Миро опустил глаза. Больше всего на свете гордый свободный цыган не любил никого ни о чем просить. Тем более чужого. Идти к Астахову уговорила его Соня, обещав, что это будет не просьба, а деловое предложение. И сейчас она поспешила прийти Миро на помощь:
— Речь идет не только о финансировании, Николай Андреевич. Речь о взаимовыгодном сотрудничестве.
— Вот как? — Астахов посмотрел на молодых гостей с некоторым недоверием.
Но Соня разложила перед ним свои бумаги: документы, выкладки, подсчеты.
— Понимаете, Николай Андреевич, на первом этаже мы предлагаем разместить офисы и магазины, которые будут принадлежать вам и приносить доход от сдачи в аренду. Причем этот доход не только окупит строительство, но и принесет прибыль. А табор, со своей стороны, вкладывает в это дело свою рабочую силу — все строительные работы будут производиться самими цыганами.
— Вы знаете, а я думаю, что это может быть интересно. Но дело в том, что, к сожалению, сейчас у меня нет времени поговорить об этом подробнее… Олеся, прошу тебя — ты обсуди с ребятами это дело в деталях. А потом мы вместе придем к какому-нибудь решению.
Астахов передал бумаги Олесе, решительно встал и попрощался с гостями, оставив их на Олесино попечение.
— Ну что ж, — говорила Тамара Игорю, окончательно выпроводив Земфиру, — в прошлый раз затея с крысиным ядом провалилась, теперь, надеюсь, это не повторится.

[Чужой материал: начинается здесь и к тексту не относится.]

theorem theorem4p15:
  fixes L :: "fm set" and M :: "mop set" and C :: "bfun set" and phi :: "bfun \<Rightarrow> fm"
  assumes "normal_logic L" and "consistent L"
    and "clone C"
    and "defining_choice phi"
  shows "(typeA L \<longrightarrow> Clos L phi M C = C)
   \<and> (typeB L \<longrightarrow>
        (M = {} \<longrightarrow> Clos L phi M C = C)
      \<and> (M = {MDia} \<longrightarrow> Clos L phi M C = C \<squnion>\<^sub>c {bbot})
      \<and> (M = {MBox} \<longrightarrow> Clos L phi M C = C \<squnion>\<^sub>c {btop})
      \<and> (M = {MDia, MBox} \<longrightarrow> Clos L phi M C = C \<squnion>\<^sub>c {btop, bbot}))
   \<and> (typeC L \<longrightarrow> C \<subseteq> Clos L phi M C \<and>
        (M = {} \<longrightarrow> Clos L phi M C \<subseteq> C)
      \<and> (M = {MDia} \<longrightarrow> Clos L phi M C \<subseteq> C \<squnion>\<^sub>c {bbot})
      \<and> (M = {MBox} \<longrightarrow> Clos L phi M C \<subseteq> C \<squnion>\<^sub>c {btop})
      \<and> (M = {MDia, MBox} \<longrightarrow> Clos L phi M C \<subseteq> C \<squnion>\<^sub>c {btop, bbot}))"
proof -
  have constants: "mop_constants {} = {}" "mop_constants {MDia} = {bbot}"
    "mop_constants {MBox} = {btop}" "mop_constants {MDia, MBox} = {btop, bbot}"
    by (auto simp: mop_constants_def)
  have "typeC L \<Longrightarrow> Clos L phi M C \<subseteq> C \<squnion>\<^sub>c mop_constants M"
    by (intro Clos_subset_if_irreflexive[OF assms(3,4)]) (simp add: typeC_def)
  then show ?thesis
    using Clos_eq_if_typeA[OF assms(1,3,4)] Clos_eq_if_typeB[OF assms(1,3,4)]
      subset_Clos[OF assms(1,3,4)]
    by (auto simp: constants clone_join_empty[OF assms(3)])
qed

end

— Не повторится, — кивнул Игорь. — Так что теперь нам остается только ждать.
— А как мы узнаем о результате?
— Ну ты даешь! Да о смерти дочки Зарецкого и одновременно дочки Астахова будет кричать весь город! Все радио, телевидение, газеты — такое событие!
— Ну тогда читай газеты, Игорь.
— А что это ты мне приказываешь, дорогая?
— Кто-то должен приказывать, кто-то — исполнять.
— И ты у нас, значит, приказываешь? А если мне это надоест?
— И что ты тогда сделаешь? — В голосе Тамары сквозила неприкрытая ирония. — Опять сбежишь?
— Сбегу!
— Бросишь меня?
— Брошу!
— Ну не впервой! Зачем тогда Кармелиту убивал? — Игорь молчал. — Так что невыгодно тебе меня бросать. А то ведь получится, что зря ты убийцей стал!
Астахов ушел. А Соня и Миро разговорились с Олесей о подробностях проекта. Но Миро никак не мог сосредоточиться — он все время отвлекался от разговора и смотрел на полотно Дюрера. Никто никогда не объяснял молодому цыганскому парню принципы эстетики, никто никогда не водил его по музеям и галереям, не учил воспринимать живопись. Но, видно, на то оно и искусство гения, чтобы воздействовать на любого человека напрямую, без всяких там ученых посредников.
— Вам действительно так нравятся эти картины? — спросила у Миро Олеся.
— Да, очень, — завороженно отвечал цыган. Наверное, это действительно был великий мастер…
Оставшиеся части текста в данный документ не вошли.